Intraventricular hemorrhage is a major source of morbidity and mortality for preterm infants.¹¹ Obstructed hydrocephalus may occur and require cerebrospinal fluid diversion procedures to decompress the obstructed ventricular system and treat the associated increased intracranial pressure. Many of these infants require ophthalmologic surgery for repair of strabismus due to a neurologic insult. If a ventriculoperitoneal shunt is in place, its proper function should be determined by direct evaluation. The anesthesiologist should assess whether there is inappropriate macrocephaly or a bulging or tense fontanelle. Obstructed hydrocephalus may occur after the infant’s discharge from hospital, even though a ventriculoperitoneal shunt was not required previously. The preoperative assessment should include the child’s developmental and neurologic status at the time of surgery. Because intraventricular hemorrhage is associated with long-term morbidity, any history of seizures should be elicited, and the antiepileptic drugs being used should be documented.

Preterm and small infants rapidly lose heat when anesthetized. Prevention of hypothermia is essential in the perioperative environment. Hypothermia can decrease metabolism of most drugs and depresses respiratory drive in preterm infants (see Chapters 35 and 36).

Down Syndrome

Children with Down syndrome (i.e., trisomy 21) frequently present for ophthalmologic surgery because of associated pathologic processes such as neonatal cataracts, significant refractive errors (e.g., hypermetropia, astigmatism), strabismus, glaucoma, keratoconus, nasolacrimal duct obstruction, and nystagmus.²¹^–²³ Infants with trisomy 21 should have an ophthalmologic evaluation in the neonatal period. If this requires an EUA, the anesthesiologist should be prepared for the extensive medical implications associated with trisomy 21.^24,²⁵ Almost half of these infants are born with congenital heart disease, including septal defects, complete or partial atrioventricular canal, tetralogy of Fallot, transposition of the great arteries, and valvular insufficiency or stenosis.

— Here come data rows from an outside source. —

lemma J0_squared: "(J0::'n::finite rmat) ** J0 = - mat 1"
  by (simp add: vec_eq_iff split_sum_all mult_J0_entries) (simp add: J0_def Omega_def mat_def)

lemma transpose_J0: "transpose (J0::'n::finite rmat) = - J0"
  by (simp add: vec_eq_iff transpose_def J0_def Omega_def split: sum.split)

lemma commutes_J0_iff_blocks:
  fixes X :: "'n::finite rmat"
  shows "X ** J0 = J0 ** X \<longleftrightarrow>
    (\<forall>i j. X $ Inr i $ Inr j = X $ Inl i $ Inl j \<and> X $ Inr i $ Inl j = - X $ Inl i $ Inr j)"
  by (auto simp: vec_eq_iff split_sum_all mult_J0_entries)

section \<open>The complex determinant detbar\<close>

definition complex_block :: "'n::finite rmat \<Rightarrow> complex^'n^'n" where
  "complex_block A =
     (\<chi> i j. complex_of_real (A $ Inl i $ Inl j) + \<i> * complex_of_real (A $ Inl i $ Inr j))"

lemma detbar_std_eq_det_complex_block: "detbar_std A = det (complex_block A)"
  by (simp add: detbar_std_def complex_block_def)

lemma complex_block_mat_1: "complex_block (mat 1 :: 'n::finite rmat) = mat 1"
  by (simp add: complex_block_def vec_eq_iff mat_def)

lemma complex_block_mult:
  fixes X Y :: "'n::finite rmat"
  assumes "Y ** J0 = J0 ** Y"
  shows "complex_block (X ** Y) = complex_block X ** complex_block Y"
proof -
  have "Y $ Inr i $ Inr j = Y $ Inl i $ Inl j" "Y $ Inr i $ Inl j = - Y $ Inl i $ Inr j" for i j
    using assms commutes_J0_iff_blocks by blast+
  then show ?thesis
    unfolding complex_block_def matrix_matrix_mult_def
    by (simp add: vec_eq_iff sum_UNIV_Plus sum.distrib[symmetric] sum_distrib_left
        complex_eq_iff algebra_simps)
qed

Any child with a left-to-right shunt may develop pulmonary hypertension, and children with trisomy 21 develop irreversible pulmonary hypertension at an earlier age. Bradycardia (25% to 60%) and hypotension (12% to 73%) have been reported during sevoflurane anesthesia in these children.^26,²⁷ Complete understanding of the child’s cardiac defects is essential to planning anesthesia (see Chapters 14, 16, and 21).

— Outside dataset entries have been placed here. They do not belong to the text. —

(* Assume $0<a,b<1$, $r>2$, $s>2$, $r>as$, $s>br$. Let $\underline\alpha\in(\tilde\alpha,1)$, $\underline\beta\in(\tilde\beta,1)$, $\bar\alpha\in(\underline\alpha,1)$, $\bar\beta\in(\underline\beta,1)$, $h\in(0,\min\{\underline c_1(\underline\alpha,\underline\beta),\underline c_2(\underline\alpha,\underline\beta)\})$. Let $(\alpha_n)_{n\in\mathbb N}$, $(\beta_n)_{n\in\mathbb N}$ satisfy $\alpha_n\in(\underline\alpha,\bar\alpha)$, $\beta_n\in(\underline\beta,\bar\beta)$ for all $n$, and let $(x_n,y_n)$ solve $$x_{n+1}=x_n[(1-\alpha_{n+1})e^{r-x_n-ay_n}+\alpha_{n+1}],\quad y_{n+1}=y_n[(1-\beta_{n+1})e^{s-bx_n-y_n}+\beta_{n+1}],\quad n\in\mathbb N_0,$$ with $x_0,y_0>0$. Then: (a) if $(x_0,y_0)\in D_{\underline\alpha,\underline\beta}$ then $(x_n,y_n)\in D_{\underline\alpha,\underline\beta}$ for all $n\in\mathbb N$; (b) if $(x_0,y_0)\in D_{\underline\alpha,\underline\beta}(h)$ then $(x_n,y_n)\in D_{\underline\alpha,\underline\beta}(h)$ for all $n\in\mathbb N$; (c) if $(x_0,y_0)\notin D_{\underline\alpha,\underline\beta}(h)$, there is $\tilde S=\tilde S(x_0,y_0,\underline\alpha,\underline\beta,\bar\alpha,\bar\beta,h)\in\mathbb N$ (not depending on the particular sequences $\alpha_n,\beta_n$) such that $(x_n,y_n)\in D_{\underline\alpha,\underline\beta}(h)$ for all $n\ge\tilde S$.
   Context: Let $f(\alpha,x,y)=x[(1-\alpha)e^{r-x-ay}+\alpha]$, $g(\beta,x,y)=y[(1-\beta)e^{s-bx-y}+\beta]$. Define $\mathcal H_1(\alpha)=\max\{(1-\alpha)e^{r-1}+2\alpha,\,r\}$, $\mathcal H_2(\beta)=\max\{(1-\beta)e^{s-1}+2\beta,\,s\}$, $c_1(\beta)=r-a\mathcal H_2(\beta)$, $c_2(\alpha)=s-b\mathcal H_1(\alpha)$, $\tilde\alpha=\max\{\frac{e^{r-1}-s/b}{e^{r-1}-2},0\}$, $\tilde\beta=\max\{\frac{e^{s-1}-r/a}{e^{s-1}-2},0\}$. For $\alpha\in(\tilde\alpha,1)$, $\beta\in(\tilde\beta,1)$: $\underline c_1(\alpha,\beta)=\min\{f(\alpha,x,y):x\in[c_1(\beta),\mathcal H_1(\alpha)],y\in[0,\mathcal H_2(\beta)]\}$, $\underline c_2(\alpha,\beta)=\min\{g(\beta,x,y):x\in[0,\mathcal H_1(\alpha)],y\in[c_2(\alpha),\mathcal H_2(\beta)]\}$, $D_{\alpha,\beta}=[\underline c_1(\alpha,\beta),\mathcal H_1(\alpha)]\times[\underline c_2(\alpha,\beta),\mathcal H_2(\beta)]$, $D_{\alpha,\beta}(h)=[\underline c_1(\alpha,\beta)-h,\mathcal H_1(\alpha)]\times[\underline c_2(\alpha,\beta)-h,\mathcal H_2(\beta)]$. *)

theory Defs
  imports Complex_Main
begin

definition fmap :: "real \<Rightarrow> real \<Rightarrow> real \<Rightarrow> real \<Rightarrow> real \<Rightarrow> real" where
  "fmap r a \<alpha> x y = x * ((1 - \<alpha>) * exp (r - x - a * y) + \<alpha>)"

definition gmap :: "real \<Rightarrow> real \<Rightarrow> real \<Rightarrow> real \<Rightarrow> real \<Rightarrow> real" where
  "gmap s b \<beta> x y = y * ((1 - \<beta>) * exp (s - b * x - y) + \<beta>)"

definition H1 :: "real \<Rightarrow> real \<Rightarrow> real" where
  "H1 r \<alpha> = max ((1 - \<alpha>) * exp (r - 1) + 2 * \<alpha>) r"

definition H2 :: "real \<Rightarrow> real \<Rightarrow> real" where
  "H2 s \<beta> = max ((1 - \<beta>) * exp (s - 1) + 2 * \<beta>) s"

definition c1 :: "real \<Rightarrow> real \<Rightarrow> real \<Rightarrow> real \<Rightarrow> real" where
  "c1 r s a \<beta> = r - a * H2 s \<beta>"

definition c2 :: "real \<Rightarrow> real \<Rightarrow> real \<Rightarrow> real \<Rightarrow> real" where
  "c2 r s b \<alpha> = s - b * H1 r \<alpha>"

definition alpha_tilde :: "real \<Rightarrow> real \<Rightarrow> real \<Rightarrow> real" where
  "alpha_tilde r s b = max ((exp (r - 1) - s / b) / (exp (r - 1) - 2)) 0"

definition beta_tilde :: "real \<Rightarrow> real \<Rightarrow> real \<Rightarrow> real" where
  "beta_tilde r s a = max ((exp (s - 1) - r / a) / (exp (s - 1) - 2)) 0"

text \<open>Minimum of a continuous function over a compact rectangle, written as Inf of the image.\<close>
definition lc1 :: "real \<Rightarrow> real \<Rightarrow> real \<Rightarrow> real \<Rightarrow> real \<Rightarrow> real" where
  "lc1 r s a \<alpha> \<beta> =
     Inf ((\<lambda>(x, y). fmap r a \<alpha> x y) ` ({c1 r s a \<beta> .. H1 r \<alpha>} \<times> {0 .. H2 s \<beta>}))"

definition lc2 :: "real \<Rightarrow> real \<Rightarrow> real \<Rightarrow> real \<Rightarrow> real \<Rightarrow> real" where
  "lc2 r s b \<alpha> \<beta> =
     Inf ((\<lambda>(x, y). gmap s b \<beta> x y) ` ({0 .. H1 r \<alpha>} \<times> {c2 r s b \<alpha> .. H2 s \<beta>}))"

definition Dh :: "real \<Rightarrow> real \<Rightarrow> real \<Rightarrow> real \<Rightarrow> real \<Rightarrow> real \<Rightarrow> real \<Rightarrow> (real \<times> real) set" where
  "Dh r s a b \<alpha> \<beta> h =
     {lc1 r s a \<alpha> \<beta> - h .. H1 r \<alpha>} \<times> {lc2 r s b \<alpha> \<beta> - h .. H2 s \<beta>}"

definition D :: "real \<Rightarrow> real \<Rightarrow> real \<Rightarrow> real \<Rightarrow> real \<Rightarrow> real \<Rightarrow> (real \<times> real) set" where
  "D r s a b \<alpha> \<beta> = {lc1 r s a \<alpha> \<beta> .. H1 r \<alpha>} \<times> {lc2 r s b \<alpha> \<beta> .. H2 s \<beta>}"

definition is_solution ::
  "real \<Rightarrow> real \<Rightarrow> real \<Rightarrow> real \<Rightarrow> (nat \<Rightarrow> real) \<Rightarrow> (nat \<Rightarrow> real) \<Rightarrow> (nat \<Rightarrow> real) \<Rightarrow> (nat \<Rightarrow> real) \<Rightarrow> bool" where
  "is_solution r s a b al be x y \<longleftrightarrow>
     (\<forall>n. x (Suc n) = x n * ((1 - al (Suc n)) * exp (r - x n - a * y n) + al (Suc n))
        \<and> y (Suc n) = y n * ((1 - be (Suc n)) * exp (s - b * x n - y n) + be (Suc n)))"

end

theory Submission
  imports Defs "HOL-Analysis.Convex"
begin

text \<open>One step multiplies a population x by (1 - \<alpha>) exp (R - x - w) + \<alpha>, where w is the
  competitor's pressure. For rates in (\<alpha>L, \<alpha>U) this factor lies between its values at the
  extreme rates, so every estimate is uniform in the rate sequences. Below H1 the map stays below
  H1 (a convexity estimate), and a population never drops below min x lc1: the factor is below 1
  only for x > R - w, and there the map at rate \<alpha> dominates the map at rate \<alpha>L, whose
  minimum over that part of the box is lc1. This gives (a) and (b). For (c), the factor
  above H1 + \<delta> is at most a fixed q < 1, so the orbit enters [0, H1 + \<delta>] \<times> [0, H2 + \<delta>];
  there the pressure stays a fixed amount below R, so small populations grow by a fixed factor and
  both species exceed some \<eta> > 0; this pressure in turn pushes them below H1 and H2, and finally
  geometric growth below lc1 - h carries them into D(h). Every phase lasts a number of steps that
  depends only on the parameters and, through the lower bound \<alpha>L^n x0, on the initial state.\<close>

section \<open>The one-species map\<close>

definition growth_factor :: "real \<Rightarrow> real \<Rightarrow> real" where
  "growth_factor \<alpha> E = (1 - \<alpha>) * exp E + \<alpha>"

definition ricker :: "real \<Rightarrow> real \<Rightarrow> real \<Rightarrow> real \<Rightarrow> real" where
  "ricker \<alpha> R x w = x * growth_factor \<alpha> (R - x - w)"

lemma fmap_eq_ricker: "fmap r a \<alpha> x y = ricker \<alpha> r x (a * y)"
  by (simp add: fmap_def ricker_def growth_factor_def)

lemma gmap_eq_ricker: "gmap s b \<beta> x y = ricker \<beta> s y (b * x)"
  by (simp add: gmap_def ricker_def growth_factor_def algebra_simps)

lemma D_eq_Dh_zero: "D r s a b \<alpha> \<beta> = Dh r s a b \<alpha> \<beta> 0"
  by (simp add: D_def Dh_def)

lemma growth_factor_zero [simp]: "growth_factor \<alpha> 0 = 1"
  by (simp add: growth_factor_def)

lemma growth_factor_ge_rate: "\<alpha> \<le> 1 \<Longrightarrow> \<alpha> \<le> growth_factor \<alpha> E"
  by (simp add: growth_factor_def)

lemma growth_factor_nonneg: "0 \<le> \<alpha> \<Longrightarrow> \<alpha> \<le> 1 \<Longrightarrow> 0 \<le> growth_factor \<alpha> E"
  using growth_factor_ge_rate[of \<alpha> E] by linarith

lemma growth_factor_mono: "\<alpha> \<le> 1 \<Longrightarrow> E \<le> E' \<Longrightarrow> growth_factor \<alpha> E \<le> growth_factor \<alpha> E'"
  by (simp add: growth_factor_def mult_left_mono)

lemma growth_factor_strict_mono: "\<alpha> < 1 \<Longrightarrow> E < E' \<Longrightarrow> growth_factor \<alpha> E < growth_factor \<alpha> E'"
  by (simp add: growth_factor_def)

lemma growth_factor_less_one: "\<alpha> < 1 \<Longrightarrow> E < 0 \<Longrightarrow> growth_factor \<alpha> E < 1"
  using growth_factor_strict_mono[of \<alpha> E 0] by simp

lemma growth_factor_gt_one: "\<alpha> < 1 \<Longrightarrow> 0 < E \<Longrightarrow> 1 < growth_factor \<alpha> E"
  using growth_factor_strict_mono[of \<alpha> 0 E] by simp

lemma growth_factor_rate_mono:
  assumes "E \<le> 0" "\<alpha> \<le> \<alpha>'"
  shows "growth_factor \<alpha> E \<le> growth_factor \<alpha>' E"
proof -
  have "0 \<le> (\<alpha>' - \<alpha>) * (1 - exp E)" using assms by simp
  then show ?thesis by (simp add: growth_factor_def algebra_simps)
qed

lemma growth_factor_rate_antimono:
  assumes "0 \<le> E" "\<alpha> \<le> \<alpha>'"
  shows "growth_factor \<alpha>' E \<le> growth_factor \<alpha> E"
proof -
  have "0 \<le> (\<alpha>' - \<alpha>) * (exp E - 1)" using assms by simp
  then show ?thesis by (simp add: growth_factor_def algebra_simps)
qed

lemma ricker_ge_rate: "0 \<le> x \<Longrightarrow> \<alpha> \<le> 1 \<Longrightarrow> \<alpha> * x \<le> ricker \<alpha> R x w"
  unfolding ricker_def by (metis growth_factor_ge_rate mult.commute mult_left_mono)

lemma ricker_pos: "0 < x \<Longrightarrow> 0 < \<alpha> \<Longrightarrow> \<alpha> \<le> 1 \<Longrightarrow> 0 < ricker \<alpha> R x w"
  using ricker_ge_rate[of x \<alpha> R w] by (smt (verit) mult_pos_pos)

lemma ricker_le_growth_bound:
  "0 \<le> x \<Longrightarrow> growth_factor \<alpha> (R - x - w) \<le> q \<Longrightarrow> ricker \<alpha> R x w \<le> q * x"
  unfolding ricker_def by (metis mult.commute mult_left_mono)

lemma ricker_ge_growth_bound:
  "0 \<le> x \<Longrightarrow> p \<le> growth_factor \<alpha> (R - x - w) \<Longrightarrow> p * x \<le> ricker \<alpha> R x w"
  unfolding ricker_def by (metis mult.commute mult_left_mono)

lemma H1_ge: "R \<le> H1 R \<alpha>"
  by (simp add: H1_def)

text \<open>The map is dominated by g t = (1 - \<alpha>) t exp (R - t) + \<alpha> t, which is at most its
  value at 2 for t \<le> 2 (as t exp (-t) \<le> exp (-1)), convex on [2, R] with g R = R, and at most
  t beyond R.\<close>
lemma ricker_le_H1:
  assumes "0 \<le> \<alpha>L" "\<alpha>L \<le> \<alpha>" "\<alpha> \<le> 1" "2 \<le> R" "0 \<le> x" "x \<le> H1 R \<alpha>L" "0 \<le> w"
  shows "ricker \<alpha> R x w \<le> H1 R \<alpha>L"
proof -
  define g where "g t = (1 - \<alpha>) * (t * exp (R - t)) + \<alpha> * t" for t
  have "ricker \<alpha> R x w \<le> g x"
  proof -
    have "(1 - \<alpha>) * (x * exp (R - x - w)) \<le> (1 - \<alpha>) * (x * exp (R - x))"
      using assms by (intro mult_left_mono) auto
    then show ?thesis by (simp add: ricker_def growth_factor_def g_def algebra_simps)
  qed
  moreover have "g x \<le> H1 R \<alpha>L"
  proof -
    have e2: "2 \<le> exp (R - 1)" using exp_ge_add_one_self[of "R - 1"] assms by linarith
    have peak: "t * exp (R - t) \<le> exp (R - 1)" for t
      using exp_ge_add_one_self[of "t - 1"] by (smt (verit) exp_add exp_gt_zero mult_right_mono)
    have g_small: "g t \<le> H1 R \<alpha>L" if "t \<le> 2" for t
    proof -
      have "g t \<le> (1 - \<alpha>) * exp (R - 1) + \<alpha> * 2"
        unfolding g_def using assms that peak[of t] by (intro add_mono mult_left_mono) auto
      also have "\<dots> \<le> (1 - \<alpha>L) * exp (R - 1) + 2 * \<alpha>L"
        using mult_right_mono[OF assms(2), of "exp (R - 1) - 2"] e2 by (simp add: algebra_simps)
      finally show ?thesis by (simp add: H1_def)
    qed
    consider "x \<le> 2" | "2 \<le> x" "x \<le> R" | "R \<le> x" by linarith
    then show ?thesis
    proof cases
      case 1
      then show ?thesis by (rule g_small)
    next
      case 2
      have "convex_on {2..R} (\<lambda>t. t * exp (R - t))"
      proof (rule f''_ge0_imp_convex)
        fix t :: real
        show "((\<lambda>t. t * exp (R - t)) has_real_derivative (1 - t) * exp (R - t)) (at t)"
          by (rule derivative_eq_intros refl | simp add: algebra_simps)+
        show "((\<lambda>t. (1 - t) * exp (R - t)) has_real_derivative (t - 2) * exp (R - t)) (at t)"
          by (rule derivative_eq_intros refl | simp add: algebra_simps)+
        assume "t \<in> {2..R}"
        then show "0 \<le> (t - 2) * exp (R - t)" by simp
      qed simp
      then have "convex_on {2..R} g"
        unfolding g_def using assms
        by (intro convex_on_add convex_on_cmul) (auto simp: convex_on_ident)
      then have "g x \<le> max (g 2) (g R)" using 2 by (intro convex_on_le_max) auto
      moreover have "g R = R" by (simp add: g_def algebra_simps)
      ultimately show ?thesis using g_small[of 2] H1_ge[of R \<alpha>L] by linarith
    next
      case 3
      have "x * exp (R - x) \<le> x" using 3 assms by (simp add: mult_left_le)
      then have "(1 - \<alpha>) * (x * exp (R - x)) \<le> (1 - \<alpha>) * x" using assms by (intro mult_left_mono) auto
      then have "g x \<le> x" unfolding g_def by (simp add: algebra_simps)
      then show ?thesis using assms by linarith
    qed
  qed
  ultimately show ?thesis by linarith
qed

Airway abnormalities such as narrowed nasopharyngeal passages, macroglossia, pharyngeal hypotonia, and subglottic stenosis are frequently observed in children with trisomy 21. These abnormalities may contribute to development of chronic intermittent hypoxia, further exacerbating pulmonary hypertension, and these children should be expected to demonstrate exacerbations of airway obstruction and hypoxia after general anesthesia.²⁸

Children with trisomy 21 have a wide spectrum of developmental delays. Cervical spine instability occurs, and occiput-C1 and C1-2 instabilities have been described.^29,³⁰ Subluxation of the cervical spine has rarely been reported in these children during anesthesia. Nonetheless, the anesthesiologist and the surgeon should avoid extremes of neck flexion and extension and lateral rotation during head positioning for laryngoscopy and surgery. While the child is awake, the range of motion of the neck in flexion and extension should be assessed, along with complaints of numbness or tingling in the hands or feet in a particular position. Previous spine and neck investigations or operations should be reviewed. These infants and children may have ligamentous laxity of the cervical spine and other locations. No consensus exists for the radiologic workup of children who are asymptomatic for cervical disease, although many children have been evaluated radiologically before about 5 years of age.

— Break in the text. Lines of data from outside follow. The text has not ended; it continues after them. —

lemma WMQ_reps_ascents:
  assumes "1 \<le> k" "k \<le> s" "s < r" and w: "w \<in> WMQ_reps r s k"
  shows "block_signed_perm r s w"
    and "\<And>a. 1 \<le> a \<Longrightarrow> a < int r \<Longrightarrow> a \<noteq> int k \<Longrightarrow> a \<noteq> int s \<Longrightarrow> pos_root (w a) (w (a + 1))"
    and "0 < w (int r)"
    and "k < s \<Longrightarrow> 0 < w (int s)"
proof -
  have "1 \<le> s" using assms by simp
  show perm: "block_signed_perm r s w"
    using w W_M_eq[OF \<open>1 \<le> s\<close> \<open>s < r\<close>] by (auto simp: WMQ_reps_def min_reps_def)
  note no_descent = WMQ_reps_no_descent[OF w \<open>1 \<le> s\<close> \<open>s < r\<close>]
  have long_ascent: "0 < w a" if "a \<in> {int s, int r}" "int k < a" "a \<le> int r" for a
  proof (rule ccontr)
    assume "\<not> 0 < w a"
    moreover have "refl_long a \<in> simple_M r s" "refl_long a \<in> W_P r k"
      using that assms simple_M_eq[OF \<open>1 \<le> s\<close> \<open>s < r\<close>] refl_long_in_W_P
      by (auto simp: simple_refls_def)
    ultimately show False
      using no_descent inversion_count_comp_refl_long[OF perm _ that(3,1)] that(2) by fastforce
  qed
  show "0 < w (int r)" "k < s \<Longrightarrow> 0 < w (int s)"
    using long_ascent assms by auto
  show "pos_root (w a) (w (a + 1))" if "1 \<le> a" "a < int r" "a \<noteq> int k" "a \<noteq> int s" for a
  proof (rule ccontr)
    assume "\<not> pos_root (w a) (w (a + 1))"
    moreover have "same_block s a (a + 1)" using that by (auto simp: same_block_def)
    moreover have "refl_short a (a + 1) \<in> simple_M r s"
      using that \<open>same_block s a (a + 1)\<close> simple_M_eq[OF \<open>1 \<le> s\<close> \<open>s < r\<close>]
      by (auto simp: simple_refls_def)
    moreover have "nat a \<in> {1..r}" "nat a \<noteq> k" using that by auto
    then have "refl_short a (a + 1) \<in> W_P r k"
      using sref_in_W_P sref_eq_refl_short[of a r] that by metis
    ultimately show False
      using no_descent inversion_count_comp_refl_short[OF perm that(1)] that(2) by fastforce
  qed
qed

definition preserves_levi_roots :: "nat \<Rightarrow> nat \<Rightarrow> (int \<Rightarrow> int) \<Rightarrow> bool" where
  "preserves_levi_roots r k w \<longleftrightarrow>
     (\<forall>p q. 1 \<le> p \<and> p \<le> int k \<and> 1 \<le> q \<and> q \<le> int k \<longrightarrow> (pos_root (w p) (w q) \<longleftrightarrow> pos_root p q))
   \<and> (\<forall>p q. int k < \<bar>p\<bar> \<and> \<bar>p\<bar> \<le> int r \<and> int k < \<bar>q\<bar> \<and> \<bar>q\<bar> \<le> int r
          \<longrightarrow> (pos_root (w p) (w q) \<longleftrightarrow> pos_root p q))"

lemma pos_root_preserved_if_increasing:
  assumes odd: "\<And>x. w (- x) = - w x"
    and increasing: "\<And>i j. lo \<le> i \<Longrightarrow> i < j \<Longrightarrow> j \<le> hi \<Longrightarrow> w i < w j"
    and positive: "\<And>i. lo \<le> i \<Longrightarrow> i \<le> hi \<Longrightarrow> 0 < w i" and "1 \<le> lo"
    and p: "lo \<le> \<bar>p\<bar>" "\<bar>p\<bar> \<le> hi" and q: "lo \<le> \<bar>q\<bar>" "\<bar>q\<bar> \<le> hi"
  shows "pos_root (w p) (w q) \<longleftrightarrow> pos_root p q"
proof -
  have sign: "w x = (if 0 < x then w \<bar>x\<bar> else - w \<bar>x\<bar>)" for x
    using odd[of "\<bar>x\<bar>"] by (cases "0 < x") auto
  have "w \<bar>p\<bar> < w \<bar>q\<bar> \<longleftrightarrow> \<bar>p\<bar> < \<bar>q\<bar>" "w \<bar>q\<bar> < w \<bar>p\<bar> \<longleftrightarrow> \<bar>q\<bar> < \<bar>p\<bar>"
    using increasing p q by (metis less_asym linorder_neqE_linordered_idom)+
  moreover have "0 < w \<bar>p\<bar>" "0 < w \<bar>q\<bar>" "p \<noteq> 0" "q \<noteq> 0" using positive p q \<open>1 \<le> lo\<close> by auto
  ultimately show ?thesis
    unfolding pos_root_def sign[of p] sign[of q] by (cases "0 < p"; cases "0 < q") auto
qed

lemma pos_root_preserved_if_ascending:
  assumes "\<And>i. lo \<le> i \<Longrightarrow> i < hi \<Longrightarrow> pos_root (w i) (w (i + 1))"
    and "0 < lo" "lo \<le> p" "p \<le> hi" "lo \<le> q" "q \<le> hi"
  shows "pos_root (w p) (w q) \<longleftrightarrow> pos_root p q"
proof -
  consider "p < q" | "q < p" | "p = q" by linarith
  then show ?thesis
  proof cases
    case 1
    then have "pos_root (w p) (w q)" "pos_root p q"
      using assms pos_root_chain[of lo hi w p q] by (auto simp: pos_root_def)
    then show ?thesis by simp
  next
    case 2
    then have "pos_root (w q) (w p)" "\<not> pos_root p q"
      using assms pos_root_chain[of lo hi w q p] by (auto simp: pos_root_def)
    then show ?thesis using pos_root_asym by blast
  qed (simp add: pos_root_irrefl)
qed

lemma preserves_levi_roots_if_increasing:
  assumes "\<And>x. w (- x) = - w x"
    and "\<And>a. 1 \<le> a \<Longrightarrow> a < int k \<Longrightarrow> pos_root (w a) (w (a + 1))"
    and "\<And>i j. int k < i \<Longrightarrow> i < j \<Longrightarrow> j \<le> int r \<Longrightarrow> w i < w j"
    and "\<And>i. int k < i \<Longrightarrow> i \<le> int r \<Longrightarrow> 0 < w i"
  shows "preserves_levi_roots r k w"
  unfolding preserves_levi_roots_def
  using pos_root_preserved_if_ascending[of 1 "int k" w] pos_root_preserved_if_increasing[of w "int k + 1" "int r"]
    assms by auto

definition levi_perm :: "nat \<Rightarrow> nat \<Rightarrow> (int \<Rightarrow> int) \<Rightarrow> bool" where
  "levi_perm r k u \<longleftrightarrow> block_signed_perm r 0 u
     \<and> (\<forall>x. 1 \<le> x \<and> x \<le> int k \<longrightarrow> 1 \<le> u x \<and> u x \<le> int k)
     \<and> (\<forall>x. int k < \<bar>x\<bar> \<and> \<bar>x\<bar> \<le> int r \<longrightarrow> int k < \<bar>u x\<bar> \<and> \<bar>u x\<bar> \<le> int r)"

Children with trisomy 21 may be born with congenital hypothyroidism, or it may develop at any time during their life span. They may develop junctional bradycardia during sevoflurane anesthesia.³¹ The bradycardia may be associated with or result from occult hypothyroidism. If the child is found to have a goiter on examination or has symptoms consistent with hypothyroidism (i.e., prolonged jaundice, hypothermia, constipation, dry skin, macroglossia, or relative bradycardia), thyroid function studies should be obtained before anesthesia for an elective procedure.

Alport Syndrome

Alport syndrome (i.e., progressive hereditary nephritis) is one of the disorders in a group of familial oculorenal syndromes. This classification includes Lowe (oculocerebral) syndrome and familial renal-retinal dystrophy. Alport syndrome involves sensorineural hearing loss, progressive renal disease, and multiple ophthalmologic disorders, including cataracts, retinal detachment, and keratoconus.^32,³³ Development of myopathy and renal failure constitutes the major anesthesia concern. If the patient has myopathy, it is prudent to avoid succinylcholine and the risk of a hyperkalemic response. Renal insufficiency may alter the choice of pharmacologic agents to very-short-acting agents or agents that are not renally excreted.

Marfan Syndrome, Ehlers-Danlos Syndrome, and Homocystinuria

Marfan syndrome, Ehlers-Danlos syndrome, and homocystinuria are considered together only from the perspective of a general body phenotype. The metabolic and molecular causes of these syndromes are well described. They share problems with connective tissue development, possible joint laxity, and cardiovascular disorders.

Marfan syndrome is caused by a defect in the fibrillin 1 gene (FBN1), which affects elastic and nonelastic connective tissues. These children have an increased risk of retinal detachment, lens dislocation, glaucoma, and cataract formation (E-Fig. 32-1).³⁴ They may have significant pulmonary (scoliosis) and cardiovascular problems,³⁵ which may include aortic, mitral, or pulmonic valve insufficiency. Preoperative cardiovascular evaluation is indicated to determine the progression of cardiovascular abnormalities that inevitably occur. Blood pressure control is essential to prevent aortic dissection.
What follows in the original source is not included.